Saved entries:
---*---

lemma exists_good_star_forest_embedding:
  assumes H: "colored_graph VH EH col t" "star_forest VH EH" "max_degree_le VH EH \<Delta>"
    and "0 \<le> s" "real t * \<beta>\<^sup>2 \<le> (p * s / 2)\<^sup>2"
    and "T \<subseteq> V" "(3 * real D + 4) * s \<le> real (card T)"
    and "real \<Delta> + p * s / 2 < p * a\<^sub>0"
    and "a\<^sub>0 + real (card VH) + real (card T) + s \<le> real (card V)"
  shows "\<exists>V' \<subseteq> V. real (card V) - s \<le> real (card V') \<and>
           (\<exists>\<phi>. good_embedding (2 * s) D t G V' VH EH col \<phi>)"
proof -
  have "(p * s / 2)\<^sup>2 \<le> (p * s)\<^sup>2"
    using p_pos \<open>0 \<le> s\<close> by (intro power_mono) auto
  then have "real t * \<beta>\<^sup>2 \<le> (p * s)\<^sup>2"
    using assms(5) by linarith
  then obtain B where B: "B \<subseteq> V \<times> {1..t}" "real (card B) \<le> s"
    and expands: "\<And>X. X \<subseteq> (V - fst ` B) \<times> {1..t} \<Longrightarrow> real (card X) \<le> 2 * s
      \<Longrightarrow> D * card X \<le> card (Gamma G (V - fst ` B) X \<inter> T)"
    using exists_expanding_subset[OF assms(6,7)] \<open>0 \<le> s\<close> by blast
  define V' where "V' = V - fst ` B"
  have "card V - card B \<le> card V'"
    using card_image_le[OF finite_pairs_in_colours[OF B(1)], of fst] diff_card_le_card_Diff[of "fst ` B" V]
      finite_pairs_in_colours[OF B(1)] unfolding V'_def by simp
  then have "real (card V) - s \<le> real (card V')"
    using B(2) by linarith
  have "card V - card B - card T \<le> card (V' - T)"
    using \<open>card V - card B \<le> card V'\<close> diff_card_le_card_Diff[of T V'] assms(6) finite_V finite_subset
    unfolding V'_def by fastforce
  then have size: "a\<^sub>0 + real (card VH) \<le> real (card (V' - T))"
    using assms(9) B(2) by linarith
  have high_degree: "\<exists>v\<in>A. \<forall>i\<in>{1..t}. \<Delta> \<le> card {w\<in>A. G i v w}"
    if "A \<subseteq> V' - T" "a\<^sub>0 \<le> real (card A)" for A
  proof (rule exists_high_degree_vertex)
    have "p * s / 2 < p * real (card A) - real \<Delta>"
      using assms(8) mult_left_mono[OF that(2) less_imp_le[OF p_pos]] by linarith
    moreover have "0 \<le> p * s / 2"
      using p_pos \<open>0 \<le> s\<close> by simp
    ultimately show "real t * \<beta>\<^sup>2 < (p * real (card A) - real \<Delta>)\<^sup>2"
      using assms(5) power_strict_mono[of "p * s / 2" _ 2] by fastforce
    show "real \<Delta> < p * real (card A)" "A \<subseteq> V"
      using \<open>p * s / 2 < p * real (card A) - real \<Delta>\<close> \<open>0 \<le> p * s / 2\<close> that(1) unfolding V'_def by auto
  qed
  have "finite V'"
    using finite_V unfolding V'_def by blast
  then obtain \<phi> where "is_embedding VH EH col G (V' - T) \<phi>"
    using star_forest_embedding[OF H simple_graph_G finite_Diff[OF \<open>finite V'\<close>] high_degree size] by blast
  then have embedding: "is_embedding VH EH col G V' \<phi>" and "\<phi> ` VH \<inter> T = {}"
    unfolding is_embedding_def by blast+
  have "D * card X \<le> card (Gamma G V' X \<inter> T)" if "X \<subseteq> V' \<times> {1..t}" "real (card X) \<le> 2 * s" for X
    using expands that unfolding V'_def by blast
  then have "good_embedding (2 * s) D t G V' VH EH col \<phi>"
    by (rule good_embedding_if_reservoir_expands[OF embedding \<open>\<phi> ` VH \<inter> T = {}\<close> \<open>finite V'\<close>])
  then show ?thesis
    using \<open>real (card V) - s \<le> real (card V')\<close> unfolding V'_def by blast
qed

---*---

In exact wording, restate the lines of the data above from the first through the one holding "using B(2) by linarith", and stop after that line.

Response for this exercise:
lemma exists_good_star_forest_embedding:
  assumes H: "colored_graph VH EH col t" "star_forest VH EH" "max_degree_le VH EH \<Delta>"
    and "0 \<le> s" "real t * \<beta>\<^sup>2 \<le> (p * s / 2)\<^sup>2"
    and "T \<subseteq> V" "(3 * real D + 4) * s \<le> real (card T)"
    and "real \<Delta> + p * s / 2 < p * a\<^sub>0"
    and "a\<^sub>0 + real (card VH) + real (card T) + s \<le> real (card V)"
  shows "\<exists>V' \<subseteq> V. real (card V) - s \<le> real (card V') \<and>
           (\<exists>\<phi>. good_embedding (2 * s) D t G V' VH EH col \<phi>)"
proof -
  have "(p * s / 2)\<^sup>2 \<le> (p * s)\<^sup>2"
    using p_pos \<open>0 \<le> s\<close> by (intro power_mono) auto
  then have "real t * \<beta>\<^sup>2 \<le> (p * s)\<^sup>2"
    using assms(5) by linarith
  then obtain B where B: "B \<subseteq> V \<times> {1..t}" "real (card B) \<le> s"
    and expands: "\<And>X. X \<subseteq> (V - fst ` B) \<times> {1..t} \<Longrightarrow> real (card X) \<le> 2 * s
      \<Longrightarrow> D * card X \<le> card (Gamma G (V - fst ` B) X \<inter> T)"
    using exists_expanding_subset[OF assms(6,7)] \<open>0 \<le> s\<close> by blast
  define V' where "V' = V - fst ` B"
  have "card V - card B \<le> card V'"
    using card_image_le[OF finite_pairs_in_colours[OF B(1)], of fst] diff_card_le_card_Diff[of "fst ` B" V]
      finite_pairs_in_colours[OF B(1)] unfolding V'_def by simp
  then have "real (card V) - s \<le> real (card V')"
    using B(2) by linarith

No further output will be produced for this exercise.